On Thu, 18 Aug 2016, Allen Samuels wrote:
> > From: ceph-devel-owner@vger.kernel.org [mailto:ceph-devel-
> > owner@vger.kernel.org] On Behalf Of Sage Weil
> > Sent: Wednesday, August 17, 2016 7:26 AM
> > To: ceph-devel@vger.kernel.org
> > Subject: bluestore blobs
> > 
> > I think we need to look at other changes in addition to the encoding
> > performance improvements.  Even if they end up being good enough, these
> > changes are somewhat orthogonal and at least one of them should give us
> > something that is even faster.
> > 
> > 1. I mentioned this before, but we should keep the encoding
> > bluestore_blob_t around when we load the blob map.  If it's not changed,
> > don't reencode it.  There are no blockers for implementing this currently.
> > It may be difficult to ensure the blobs are properly marked dirty... I'll see if
> > we can use proper accessors for the blob to enforce this at compile time.  We
> > should do that anyway.
> 
> If it's not changed, then why are we re-writing it? I'm having a hard 
> time thinking of a case worth optimizing where I want to re-write the 
> oNode but the blob_map is unchanged. Am I missing something obvious?

An onode's blob_map might have 300 blobs, and a single write only updates 
one of them.  The other 299 blobs need not be reencoded, just memcpy'd.

> > 2. This turns the blob Put into rocksdb into two memcpy stages: one to
> > assemble the bufferlist (lots of bufferptrs to each untouched blob) into a
> > single rocksdb::Slice, and another memcpy somewhere inside rocksdb to
> > copy this into the write buffer.  We could extend the rocksdb interface to
> > take an iovec so that the first memcpy isn't needed (and rocksdb will instead
> > iterate over our buffers and copy them directly into its write buffer).  This is
> > probably a pretty small piece of the overall time... should verify with a
> > profiler before investing too much effort here.
> 
> I doubt it's the memcpy that's really the expensive part.

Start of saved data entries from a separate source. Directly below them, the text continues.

(* Let $G$ be a finite solvable group, $N$ a normal subgroup of $G$, $a\in G$, and $C=\mathbf{C}_G(a)$. Write $\bar G=G/N$ and $\bar g=gN$ for $g\in G$, and set $C_N=\{g\in G\mid [a,g]\in N\}$. Then $C_N$ is a subgroup of $G$ containing $CN$, $C_N/N=\mathbf{C}_{\bar G}(\bar a)$, and $$\eta\big(\bar a^{\bar G}(\bar a^{-1})^{\bar G}\big)+\eta\big((a^{C_N}(a^{-1})^{C_N})^G\big)-1\le \eta\big(a^G(a^{-1})^G\big).$$
   Context: $x^g=g^{-1}xg$ and $[x,g]=x^{-1}g^{-1}xg$. For a subgroup $K$ and element $x$, $x^K=\{x^k\mid k\in K\}$; products of sets are $XY=\{xy\mid x\in X,y\in Y\}$; for a subset $X\subseteq G$, $X^G=\bigcup_{g\in G}X^g$ is the smallest $G$-invariant set containing $X$. For a nonempty subset $X$ of a group $L$ that is $L$-invariant, $\eta(X)$ is the number of distinct conjugacy classes of $L$ whose union is $X$ (here $\eta$ of subsets of $G$ counts $G$-classes and $\eta$ of subsets of $\bar G$ counts $\bar G$-classes). *)

theory Defs
  imports "HOL-Algebra.Algebra"
begin

definition conjg :: "('a, 'b) monoid_scheme \<Rightarrow> 'a \<Rightarrow> 'a \<Rightarrow> 'a" where
  "conjg G x g = inv\<^bsub>G\<^esub> g \<otimes>\<^bsub>G\<^esub> x \<otimes>\<^bsub>G\<^esub> g"

definition commg :: "('a, 'b) monoid_scheme \<Rightarrow> 'a \<Rightarrow> 'a \<Rightarrow> 'a" where
  "commg G x g = inv\<^bsub>G\<^esub> x \<otimes>\<^bsub>G\<^esub> inv\<^bsub>G\<^esub> g \<otimes>\<^bsub>G\<^esub> x \<otimes>\<^bsub>G\<^esub> g"

definition conj_set :: "('a, 'b) monoid_scheme \<Rightarrow> 'a \<Rightarrow> 'a set \<Rightarrow> 'a set" where
  "conj_set G x K = (\<lambda>k. conjg G x k) ` K"

definition conjcl :: "('a, 'b) monoid_scheme \<Rightarrow> 'a set \<Rightarrow> 'a set" where
  "conjcl G S = {conjg G x g | x g. x \<in> S \<and> g \<in> carrier G}"

definition centralizer :: "('a, 'b) monoid_scheme \<Rightarrow> 'a \<Rightarrow> 'a set" where
  "centralizer G a = {g \<in> carrier G. g \<otimes>\<^bsub>G\<^esub> a = a \<otimes>\<^bsub>G\<^esub> g}"

(* eta(X): number of conjugacy classes of G contained in (whose union is) the G-invariant set X *)
definition eta :: "('a, 'b) monoid_scheme \<Rightarrow> 'a set \<Rightarrow> nat" where
  "eta G S = card {conj_set G x (carrier G) | x. x \<in> S}"

end

theory Submission
  imports Defs
begin

(*
  Put X = a^G (a^-1)^G and Y = (a^CN (a^-1)^CN)^G, a G-invariant subset of X.
  The quotient map sends the G-classes in X onto the (G/N)-classes in the image of X,
  which is abar^(G/N) (abar^-1)^(G/N) for abar = Na. Modulo N every element of CN
  centralizes the image of a, so all of Y maps to 1: the eta(Y) classes in Y collapse
  to the trivial class, and at most eta(X) - eta(Y) + 1 classes remain.
*)

lemma (in group) conjg_closed [simp]:
  "x \<in> carrier G \<Longrightarrow> g \<in> carrier G \<Longrightarrow> conjg G x g \<in> carrier G"
  unfolding conjg_def by simp

lemma (in group) conjg_mult:
  "\<lbrakk>x \<in> carrier G; y \<in> carrier G; g \<in> carrier G\<rbrakk> \<Longrightarrow>
    conjg G (x \<otimes> y) g = conjg G x g \<otimes> conjg G y g"
  unfolding conjg_def by (simp add: m_assoc) (metis inv_closed inv_solve_left m_closed)

lemma (in group) conjg_conjg:
  "\<lbrakk>x \<in> carrier G; c \<in> carrier G; g \<in> carrier G\<rbrakk> \<Longrightarrow>
    conjg G (conjg G x c) g = conjg G x (c \<otimes> g)"
  unfolding conjg_def by (simp add: m_assoc inv_mult_group)

lemma (in group) conjg_inv:
  "x \<in> carrier G \<Longrightarrow> g \<in> carrier G \<Longrightarrow> conjg G (inv x) g = inv (conjg G x g)"
  unfolding conjg_def by (simp add: m_assoc inv_mult_group)

lemma (in group) conjg_eq_self:
  "\<lbrakk>x \<in> carrier G; g \<in> carrier G; x \<otimes> g = g \<otimes> x\<rbrakk> \<Longrightarrow> conjg G x g = x"
  unfolding conjg_def by (metis inv_closed inv_solve_left m_assoc m_closed)

lemma (in group) commg_closed [simp]:
  "x \<in> carrier G \<Longrightarrow> g \<in> carrier G \<Longrightarrow> commg G x g \<in> carrier G"
  unfolding commg_def by simp

lemma (in group) commg_eq_one_iff:
  assumes x: "x \<in> carrier G" and y: "y \<in> carrier G"
  shows "commg G x y = \<one> \<longleftrightarrow> x \<otimes> y = y \<otimes> x"
proof -
  have "commg G x y = inv (y \<otimes> x) \<otimes> (x \<otimes> y)"
    unfolding commg_def using x y by (simp add: m_assoc inv_mult_group)
  then have "commg G x y = \<one> \<longleftrightarrow> \<one> = inv (y \<otimes> x) \<otimes> (x \<otimes> y)"
    by auto
  also have "\<dots> \<longleftrightarrow> x \<otimes> y = (y \<otimes> x) \<otimes> \<one>"
    using x y by (intro inv_solve_left) simp_all
  finally show ?thesis using x y by simp
qed

lemma (in group) inv_commute:
  assumes x: "x \<in> carrier G" and y: "y \<in> carrier G" and xy: "x \<otimes> y = y \<otimes> x"
  shows "inv x \<otimes> y = y \<otimes> inv x"
proof -
  have "inv x \<otimes> y = inv x \<otimes> (y \<otimes> x) \<otimes> inv x"
    using x y by (simp add: m_assoc)
  also have "\<dots> = inv x \<otimes> (x \<otimes> y) \<otimes> inv x"
    by (simp only: xy)
  also have "\<dots> = y \<otimes> inv x"
    using x y by (simp add: m_assoc[symmetric])
  finally show ?thesis .
qed

lemma (in group) subgroup_centralizer:
  assumes a: "a \<in> carrier G"
  shows "subgroup (centralizer G a) G"
proof (rule subgroupI)
  fix x y assume "x \<in> centralizer G a" "y \<in> centralizer G a"
  then show "x \<otimes> y \<in> centralizer G a"
    using a unfolding centralizer_def by (simp add: m_assoc) (metis m_assoc)
qed (use a inv_commute in \<open>auto simp: centralizer_def\<close>)

lemma conjcl_singleton: "conjcl G {x} = conj_set G x (carrier G)"
  unfolding conjcl_def conj_set_def by auto

lemma (in group) conj_set_subset:
  "x \<in> carrier G \<Longrightarrow> K \<subseteq> carrier G \<Longrightarrow> conj_set G x K \<subseteq> carrier G"
  unfolding conj_set_def by auto

lemma (in group) conjcl_conj_set_mult_subset:
  assumes K: "K \<subseteq> carrier G" and a: "a \<in> carrier G" and b: "b \<in> carrier G"
  shows "conjcl G (conj_set G a K <#> conj_set G b K) \<subseteq> conjcl G {a} <#> conjcl G {b}"
proof
  fix y assume "y \<in> conjcl G (conj_set G a K <#> conj_set G b K)"
  then obtain c d g where cd: "c \<in> K" "d \<in> K" and g: "g \<in> carrier G"
    and y: "y = conjg G (conjg G a c \<otimes> conjg G b d) g"
    unfolding conjcl_def set_mult_def conj_set_def by auto
  have "c \<in> carrier G" "d \<in> carrier G"
    using cd K by auto
  then have "y = conjg G a (c \<otimes> g) \<otimes> conjg G b (d \<otimes> g)"
    using y a b g by (simp add: conjg_mult conjg_conjg)
  moreover have "conjg G a (c \<otimes> g) \<in> conjcl G {a}" "conjg G b (d \<otimes> g) \<in> conjcl G {b}"
    unfolding conjcl_def using cd K g by blast+
  ultimately show "y \<in> conjcl G {a} <#> conjcl G {b}"
    unfolding set_mult_def by blast
qed

lemma (in group_hom) hom_conjg:
  "x \<in> carrier G \<Longrightarrow> g \<in> carrier G \<Longrightarrow> h (conjg G x g) = conjg H (h x) (h g)"
  unfolding conjg_def by simp

lemma (in group_hom) hom_commg:
  "x \<in> carrier G \<Longrightarrow> g \<in> carrier G \<Longrightarrow> h (commg G x g) = commg H (h x) (h g)"
  unfolding commg_def by simp

lemma (in group_hom) hom_conjg_eq_self:
  "\<lbrakk>x \<in> carrier G; g \<in> carrier G; h g \<in> centralizer H (h x)\<rbrakk> \<Longrightarrow> h (conjg G x g) = h x"
  by (simp add: hom_conjg H.conjg_eq_self centralizer_def)

lemma (in group_hom) image_conj_set:
  assumes surj: "h ` carrier G = carrier H" and x: "x \<in> carrier G"
  shows "h ` conj_set G x (carrier G) = conj_set H (h x) (carrier H)"
  unfolding conj_set_def surj[symmetric] image_image using x by (simp add: hom_conjg)

lemma (in group_hom) subgroup_vimage:
  assumes "subgroup K H"
  shows "subgroup (carrier G \<inter> h -` K) G"
  using assms by (intro G.subgroupI) (auto simp: subgroup_def)

lemma (in group_hom) commg_in_kernel_iff:
  "a \<in> carrier G \<Longrightarrow> g \<in> carrier G \<Longrightarrow>
    commg G a g \<in> kernel G H h \<longleftrightarrow> h g \<in> centralizer H (h a)"
  by (auto simp: kernel_def hom_commg H.commg_eq_one_iff centralizer_def)

lemma (in group_hom) centralizer_mult_kernel_subset:
  "a \<in> carrier G \<Longrightarrow>
    centralizer G a <#> kernel G H h \<subseteq> carrier G \<inter> h -` centralizer H (h a)"
  by (auto simp: set_mult_def centralizer_def kernel_def) (metis hom_mult)

lemma (in group_hom) conjcl_conj_set_mult_inv_subset_kernel:
  assumes a: "a \<in> carrier G" and K: "K \<subseteq> carrier G"
    and centralizing: "h ` K \<subseteq> centralizer H (h a)"
  shows "conjcl G (conj_set G a K <#> conj_set G (inv a) K) \<subseteq> kernel G H h"
proof
  fix y assume "y \<in> conjcl G (conj_set G a K <#> conj_set G (inv a) K)"
  then obtain c d g where cd: "c \<in> K" "d \<in> K" and g: "g \<in> carrier G"
    and y: "y = conjg G (conjg G a c \<otimes> conjg G (inv a) d) g"
    unfolding conjcl_def set_mult_def conj_set_def by auto
  have c: "c \<in> carrier G" and d: "d \<in> carrier G"
    using cd K by auto
  have "h (conjg G a c) = h a" "h (conjg G a d) = h a"
    using a c d cd centralizing by (auto intro: hom_conjg_eq_self)
  then have "h (conjg G a c \<otimes> conjg G (inv a) d) = \<one>\<^bsub>H\<^esub>"
    using a c d by (simp add: G.conjg_inv)
  then have "h y = \<one>\<^bsub>H\<^esub>"
    using y a c d g by (simp add: hom_conjg conjg_def)
  then show "y \<in> kernel G H h"
    using y a c d g by (simp add: kernel_def)
qed

definition conj_classes :: "('a, 'b) monoid_scheme \<Rightarrow> 'a set \<Rightarrow> 'a set set" where
  "conj_classes G S = (\<lambda>x. conj_set G x (carrier G)) ` S"

lemma eta_eq_card_conj_classes: "eta G S = card (conj_classes G S)"
  unfolding eta_def conj_classes_def Setcompr_eq_image ..

lemma (in group_hom) conj_classes_image:
  assumes surj: "h ` carrier G = carrier H" and S: "S \<subseteq> carrier G"
  shows "conj_classes H (h ` S) = (\<lambda>C. h ` C) ` conj_classes G S"
  unfolding conj_classes_def image_image
  by (rule image_cong[OF refl]) (use S image_conj_set[OF surj] in blast)

lemma card_image_collapse:
  assumes A: "finite A" and B: "B \<subseteq> A" and collapse: "f ` B \<subseteq> {c}"
  shows "card (f ` A) + card B \<le> card A + 1"
proof -
  have "f ` A \<subseteq> f ` (A - B) \<union> {c}"
    using collapse by blast
  then have "card (f ` A) \<le> card (f ` (A - B) \<union> {c})"
    using A by (intro card_mono) auto
  also have "\<dots> \<le> card (f ` (A - B)) + 1"
    using card_Un_le[of "f ` (A - B)" "{c}"] by simp
  also have "\<dots> \<le> card (A - B) + 1"
    using A by (simp add: card_image_le)
  also have "\<dots> = card A - card B + 1"
    using A B by (simp add: card_Diff_subset finite_subset)
  finally show ?thesis
    using A B card_mono[OF A B] by linarith
qed

lemma (in group_hom) eta_image_bound:
  assumes surj: "h ` carrier G = carrier H" and fin: "finite (carrier G)"
    and a: "a \<in> carrier G" and K: "K \<subseteq> carrier G"
    and centralizing: "h ` K \<subseteq> centralizer H (h a)"
  shows "eta H (conjcl H {h a} <#>\<^bsub>H\<^esub> conjcl H {inv\<^bsub>H\<^esub> h a})
      + eta G (conjcl G (conj_set G a K <#> conj_set G (inv a) K))
    \<le> eta G (conjcl G {a} <#> conjcl G {inv a}) + 1"
proof -
  define S where "S = conjcl G {a} <#> conjcl G {inv a}"
  define T where "T = conjcl G (conj_set G a K <#> conj_set G (inv a) K)"
  have S: "S \<subseteq> carrier G"
    using a by (simp add: S_def conjcl_singleton G.conj_set_subset G.set_mult_closed)
  have TS: "T \<subseteq> S"
    unfolding S_def T_def using K a by (intro G.conjcl_conj_set_mult_subset) auto
  have T_kernel: "T \<subseteq> kernel G H h"
    unfolding T_def using a K centralizing by (rule conjcl_conj_set_mult_inv_subset_kernel)
  have image_S: "h ` S = conjcl H {h a} <#>\<^bsub>H\<^esub> conjcl H {inv\<^bsub>H\<^esub> h a}"
    using a by (simp add: S_def conjcl_singleton G.conj_set_subset set_mult_hom[OF homh]
        image_conj_set[OF surj])
  have "h ` conj_set G y (carrier G) = conj_set H \<one>\<^bsub>H\<^esub> (carrier H)" if "y \<in> T" for y
  proof -
    have "y \<in> carrier G" "h y = \<one>\<^bsub>H\<^esub>"
      using that T_kernel by (auto simp: kernel_def)
    then show ?thesis
      by (simp add: image_conj_set[OF surj])
  qed
  then have "(\<lambda>C. h ` C) ` conj_classes G T \<subseteq> {conj_set H \<one>\<^bsub>H\<^esub> (carrier H)}"
    by (auto simp: conj_classes_def)
  moreover have "finite (conj_classes G S)"
    unfolding conj_classes_def using S fin by (blast intro: finite_subset)
  moreover have "conj_classes G T \<subseteq> conj_classes G S"
    unfolding conj_classes_def using TS by (rule image_mono)
  ultimately have "eta H (h ` S) + eta G T \<le> eta G S + 1"
    unfolding eta_eq_card_conj_classes conj_classes_image[OF surj S]
    by (intro card_image_collapse)
  then show ?thesis
    unfolding image_S unfolding S_def T_def .
qed

lemma (in normal) group_hom_r_coset_Mod: "group_hom G (G Mod H) (\<lambda>x. H #> x)"
  by (simp add: group_hom_def group_hom_axioms_def factorgroup_is_group r_coset_hom_Mod)

lemma (in normal) kernel_r_coset_Mod: "kernel G (G Mod H) (\<lambda>x. H #> x) = H"
proof -
  have "H #> x = H \<longleftrightarrow> x \<in> H" if "x \<in> carrier G" for x
    using that coset_join1[of H x] coset_join2[of x H] subgroup_axioms by blast
  then show ?thesis
    using subset by (auto simp: kernel_def)
qed

theorem lemma4p2:
  fixes G (structure) and N :: "'a set" and a :: 'a
  assumes "group G" and "finite (carrier G)" and "solvable G"
    and "N \<lhd> G" and "a \<in> carrier G"
  defines "C \<equiv> centralizer G a"
    and "CN \<equiv> {g \<in> carrier G. commg G a g \<in> N}"
  shows "subgroup CN G
    \<and> C <#> N \<subseteq> CN
    \<and> (\<lambda>g. N #> g) ` CN = centralizer (G Mod N) (N #> a)
    \<and> int (eta (G Mod N) (conjcl (G Mod N) {N #> a} <#>\<^bsub>G Mod N\<^esub>
                            conjcl (G Mod N) {inv\<^bsub>G Mod N\<^esub> (N #> a)}))
      + int (eta G (conjcl G (conj_set G a CN <#> conj_set G (inv a) CN))) - 1
      \<le> int (eta G (conjcl G {a} <#> conjcl G {inv a}))"
proof -
  interpret normal N G by (rule assms(4))
  interpret quotient: group_hom G "G Mod N" "\<lambda>x. N #> x" by (rule group_hom_r_coset_Mod)
  have CN_vimage: "CN = carrier G \<inter> (\<lambda>x. N #> x) -` centralizer (G Mod N) (N #> a)"
    using assms(5) quotient.commg_in_kernel_iff by (auto simp: CN_def kernel_r_coset_Mod)
  have surj: "(\<lambda>x. N #> x) ` carrier G = carrier (G Mod N)"
    by (simp add: carrier_FactGroup)
  have "subgroup CN G"
    unfolding CN_vimage using assms(5)
    by (intro quotient.subgroup_vimage quotient.H.subgroup_centralizer) simp
  moreover have "C <#> N \<subseteq> CN"
    using quotient.centralizer_mult_kernel_subset[OF assms(5)]
    by (simp add: C_def CN_vimage kernel_r_coset_Mod)
  moreover have "(\<lambda>g. N #> g) ` CN = centralizer (G Mod N) (N #> a)"
  proof -
    have "centralizer (G Mod N) (N #> a) \<subseteq> (\<lambda>x. N #> x) ` carrier G"
      using surj by (auto simp: centralizer_def)
    then show ?thesis
      unfolding CN_vimage by blast
  qed
  moreover have "eta (G Mod N) (conjcl (G Mod N) {N #> a} <#>\<^bsub>G Mod N\<^esub>
                            conjcl (G Mod N) {inv\<^bsub>G Mod N\<^esub> (N #> a)})
      + eta G (conjcl G (conj_set G a CN <#> conj_set G (inv a) CN))
    \<le> eta G (conjcl G {a} <#> conjcl G {inv a}) + 1"
    using assms(2,5) by (intro quotient.eta_image_bound surj) (auto simp: CN_vimage)
  ultimately show ?thesis
    by linarith
qed

end
(* Let $q\ge 2$ be an integer and $s\in(0,2)$, and let $P(x,t)=|\Psi(x,t)|^2$ be the probability density of the Weierstrass-like wave function $\Psi$ defined in the context. Then for every fixed $t\in\mathbb R$ the graph of $x\mapsto P(x,t)$ on $[0,\pi]$ has box-counting dimension $D_x=\max\{s,1\}$. In particular this dimension is the same at $t=0$ and at every later time.
   Context: For an integer $q\ge2$ and $s\in(0,2)$ define, for $x\in[0,\pi]$ and $t\in\mathbb R$, $$\Psi(x,t)=N\sum_{n=0}^{\infty} q^{n(s-2)}\sin(q^n x)\,e^{-i q^{2n} t},\qquad N=\sqrt{\tfrac{2}{\pi}\big(1-q^{2(s-2)}\big)},$$ a uniformly convergent series. Let $P(x,t)=|\Psi(x,t)|^2$. For a bounded set $A\subset\mathbb R^d$ let $N(\delta)$ be the number of cubes $[m_1\delta,(m_1+1)\delta]\times\dots\times[m_d\delta,(m_d+1)\delta]$, $m_i\in\mathbb Z$, meeting $A$. The upper and lower box-counting dimensions are $\limsup_{\delta\to0}$ and $\liminf_{\delta\to0}$ of $\ln N(\delta)/\ln(1/\delta)$. The box-counting dimension $\dim_B A$ exists when these two coincide, and is then their common value. The graph of a function $f$ on a set $U$ is $\{(u,f(u)):u\in U\}$. *)

theory Defs
  imports "HOL-Analysis.Analysis"
begin

definition wnorm :: "nat \<Rightarrow> real \<Rightarrow> real" where
  "wnorm q s = sqrt (2 / pi * (1 - real q powr (2 * (s - 2))))"

definition Psi :: "nat \<Rightarrow> real \<Rightarrow> real \<Rightarrow> real \<Rightarrow> complex" where
  "Psi q s x t = complex_of_real (wnorm q s) *
     (\<Sum>n. complex_of_real (real q powr (real n * (s - 2)) * sin (real q ^ n * x))
           * exp (- \<i> * complex_of_real (real q ^ (2 * n) * t)))"

definition Pdens :: "nat \<Rightarrow> real \<Rightarrow> real \<Rightarrow> real \<Rightarrow> real" where
  "Pdens q s x t = (cmod (Psi q s x t))\<^sup>2"

definition grid_count :: "(real \<times> real) set \<Rightarrow> real \<Rightarrow> nat" where
  "grid_count A \<delta> = card {m :: int \<times> int. \<exists>p \<in> A.
      of_int (fst m) * \<delta> \<le> fst p \<and> fst p \<le> (of_int (fst m) + 1) * \<delta> \<and>
      of_int (snd m) * \<delta> \<le> snd p \<and> snd p \<le> (of_int (snd m) + 1) * \<delta>}"

definition upper_box_dim :: "(real \<times> real) set \<Rightarrow> ereal" where
  "upper_box_dim A = Limsup (at_right 0)
     (\<lambda>\<delta>. ereal (ln (real (grid_count A \<delta>)) / ln (1 / \<delta>)))"

definition lower_box_dim :: "(real \<times> real) set \<Rightarrow> ereal" where
  "lower_box_dim A = Liminf (at_right 0)
     (\<lambda>\<delta>. ereal (ln (real (grid_count A \<delta>)) / ln (1 / \<delta>)))"

definition has_box_dim :: "(real \<times> real) set \<Rightarrow> real \<Rightarrow> bool" where
  "has_box_dim A D \<longleftrightarrow> lower_box_dim A = upper_box_dim A \<and> upper_box_dim A = ereal D"

definition graph_on :: "real set \<Rightarrow> (real \<Rightarrow> real) \<Rightarrow> (real \<times> real) set" where
  "graph_on U f = {(u, f u) | u. u \<in> U}"

end

theory Submission
  imports Defs "HOL-Real_Asymp.Real_Asymp"
begin

text \<open>
  Write \<open>Psi = N * (\<Sum>n. c\<^sub>n * sin (q\<^sup>n * x))\<close> with \<open>\<bar>c\<^sub>n\<bar> = q powr (n * (s - 2))\<close>.

  Upper bound: the series is Hoelder continuous of every exponent \<open>a < min 1 (2 - s)\<close>, hence so
  is \<open>P\<close>, and the graph of an \<open>a\<close>-Hoelder function meets \<open>O(\<delta> powr (a - 2))\<close> grid squares of
  side \<open>\<delta>\<close>. Lower bound: a graph over \<open>[0, pi]\<close> meets at least \<open>pi / \<delta>\<close> squares. For \<open>s > 1\<close>
  lacunarity gives more. By uniqueness of base-\<open>q\<close> expansions, the cosine coefficient of \<open>P\<close>
  at the frequency \<open>K = q\<^sup>M + q\<^sup>j\<close> (\<open>j \<le> 1\<close>) only sees the cross term of the modes \<open>j\<close> and
  \<open>M\<close>; it has size about \<open>q powr (M * (s - 2))\<close> for one of the two choices of \<open>j\<close>. Over each
  period \<open>l = 2 * pi / K\<close> of \<open>cos (K * x)\<close>, the integral of \<open>P x * cos (K * x)\<close> is at most \<open>l\<close>
  times the oscillation of \<open>P\<close>, i.e. at most \<open>l\<^sup>2\<close> times the number of squares of side \<open>l\<close>
  in that column. Hence about \<open>l powr (- s)\<close> squares of side \<open>l\<close> meet the graph.
\<close>

section \<open>Box dimension from power bounds\<close>

lemma has_box_dim_if_tendsto:
  assumes "((\<lambda>\<delta>. ln (real (grid_count A \<delta>)) / ln (1 / \<delta>)) \<longlongrightarrow> D) (at_right 0)"
  shows "has_box_dim A D"
proof -
  have lim: "((\<lambda>\<delta>. ereal (ln (real (grid_count A \<delta>)) / ln (1 / \<delta>))) \<longlongrightarrow> ereal D) (at_right 0)"
    using assms by (rule tendsto_ereal)
  show ?thesis
    unfolding has_box_dim_def upper_box_dim_def lower_box_dim_def
    using lim_imp_Limsup[OF _ lim] lim_imp_Liminf[OF _ lim] by simp
qed

lemma eventually_ln_ratio_gt_if_lower_bound:
  fixes N :: "real \<Rightarrow> real"
  assumes "c > 0" and lower: "\<forall>\<^sub>F \<delta> in at_right 0. c * \<delta> powr (- D) \<le> N \<delta>" and "y < D"
  shows "\<forall>\<^sub>F \<delta> in at_right 0. y < ln (N \<delta>) / ln (1 / \<delta>)"
proof -
  have "((\<lambda>\<delta>. ln (c * \<delta> powr (- D)) / ln (1 / \<delta>)) \<longlongrightarrow> D) (at_right 0)"
    using \<open>c > 0\<close> by real_asymp
  from order_tendstoD(1)[OF this \<open>y < D\<close>]
  have "\<forall>\<^sub>F \<delta> in at_right 0. y < ln (c * \<delta> powr (- D)) / ln (1 / \<delta>)" .
  moreover have "\<forall>\<^sub>F \<delta> in at_right (0::real). 0 < ln (1 / \<delta>)" by real_asymp
  ultimately show ?thesis using lower eventually_at_right_less[of 0]
  proof eventually_elim
    case (elim \<delta>)
    have "ln (c * \<delta> powr (- D)) \<le> ln (N \<delta>)"
      using elim(3,4) \<open>c > 0\<close> by (intro ln_mono) auto
    then show ?case using elim(1,2) by (meson divide_right_mono less_le_trans less_imp_le)
  qed
qed

lemma eventually_ln_ratio_lt_if_upper_bound:
  fixes N :: "real \<Rightarrow> real"
  assumes pos: "\<forall>\<^sub>F \<delta> in at_right 0. 0 < N \<delta>"
    and upper: "\<forall>\<^sub>F \<delta> in at_right 0. N \<delta> \<le> K * \<delta> powr (- e)" and "e < y"
  shows "\<forall>\<^sub>F \<delta> in at_right 0. ln (N \<delta>) / ln (1 / \<delta>) < y"
proof -
  have "((\<lambda>\<delta>. ln (max K 1 * \<delta> powr (- e)) / ln (1 / \<delta>)) \<longlongrightarrow> e) (at_right 0)"
    by real_asymp
  from order_tendstoD(2)[OF this \<open>e < y\<close>]
  have "\<forall>\<^sub>F \<delta> in at_right 0. ln (max K 1 * \<delta> powr (- e)) / ln (1 / \<delta>) < y" .
  moreover have "\<forall>\<^sub>F \<delta> in at_right (0::real). 0 < ln (1 / \<delta>)" by real_asymp
  ultimately show ?thesis using upper pos
  proof eventually_elim
    case (elim \<delta>)
    have "N \<delta> \<le> max K 1 * \<delta> powr (- e)"
      using elim(3) by (rule order_trans) (intro mult_right_mono; simp)
    then have "ln (N \<delta>) \<le> ln (max K 1 * \<delta> powr (- e))"
      using elim(4) by simp
    then show ?case using elim(1,2) by (meson divide_right_mono le_less_trans less_imp_le)
  qed
qed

I'll bet it's 
> that we're transcoding from an internal to an external representation on 
> an element by element basis. If the iovec scheme is going to help, it 
> presumes that the internal data structure essentially matches the 
> external data structure so that only an iovec copy is required. I'm 
> wondering how compatible this is with the current concepts of 
> lextext/blob/pextent.

I'm thinking of the xattr case (we have a bunch of strings to copy 
verbatim) and updated-one-blob-and-kept-99-unchanged case: instead 
of memcpy'ing them into a big contiguous buffer and having rocksdb 
memcpy *that* into it's larger buffer, give rocksdb an iovec so that they 
smaller buffers are assembled only once.

These buffers will be on the order of many 10s to a couple 100s of bytes.  
I'm not sure where the crossover point for constructing and then 
traversing an iovec vs just copying twice would be...
 
> > 3. Even if we do the above, we're still setting a big (~4k or more?) key into
> > rocksdb every time we touch an object, even when a tiny amount of
> > metadata is getting changed.  This is a consequence of embedding all of the
> > blobs into the onode (or bnode).  That seemed like a good idea early on
> > when they were tiny (i.e., just an extent), but now I'm not so sure.  I see a
> > couple of different options:
> > 
> > a) Store each blob as ($onode_key+$blobid).  When we load the onode, load
> > the blobs too.  They will hopefully be sequential in rocksdb (or definitely
> > sequential in zs).  Probably go back to using an iterator.
> > 
> > b) Go all in on the "bnode" like concept.  Assign blob ids so that they are
> > unique for any given hash value.  Then store the blobs as
> > $shard.$poolid.$hash.$blobid (i.e., where the bnode is now).  Then when
> > clone happens there is no onode->bnode migration magic happening--we've
> > already committed to storing blobs in separate keys.  When we load the
> > onode, keep the conditional bnode loading we already have.. but when the
> > bnode is loaded load up all the blobs for the hash key.  (Okay, we could fault
> > in blobs individually, but that code will be more complicated.)
> > 
> > In both these cases, a write will dirty the onode (which is back to being pretty
> > small.. just xattrs and the lextent map) and 1-3 blobs (also now small keys).
> > Updates will generate much lower metadata write traffic, which'll reduce
> > media wear and compaction overhead.  The cost is that operations (e.g.,
> > reads) that have to fault in an onode are now fetching several nearby keys
> > instead of a single key.
> > 
> > 
> > #1 and #2 are completely orthogonal to any encoding efficiency
> > improvements we make.  And #1 is simple... I plan to implement this shortly.
> > 
> > #3 is balancing (re)encoding efficiency against the cost of separate keys, and
> > that tradeoff will change as encoding efficiency changes, so it'll be difficult to
> > properly evaluate without knowing where we'll land with the (re)encode
> > times.  I think it's a design decision made early on that is worth revisiting,
> > though!
> 
> It's not just the encoding efficiency, it's the cost of KV accesses. For 
> example, we could move the lextent map into the KV world similarly to 
> the way that you're suggesting the blob_maps be moved. You could do it 
> for the xattrs also. Now you've almost completely eliminated any 
> serialization/deserialization costs for the LARGE oNodes that we have 
> today but have replaced that with several KV lookups (one small Onode, 
> probably an xAttr, an lextent and a blob_map).
> 
> I'm guessing that the "right" point is in between. I doubt that 
> separating the oNode from the xattrs pays off (especially since the 
> current code pretty much assumes that they are all cheap to get at).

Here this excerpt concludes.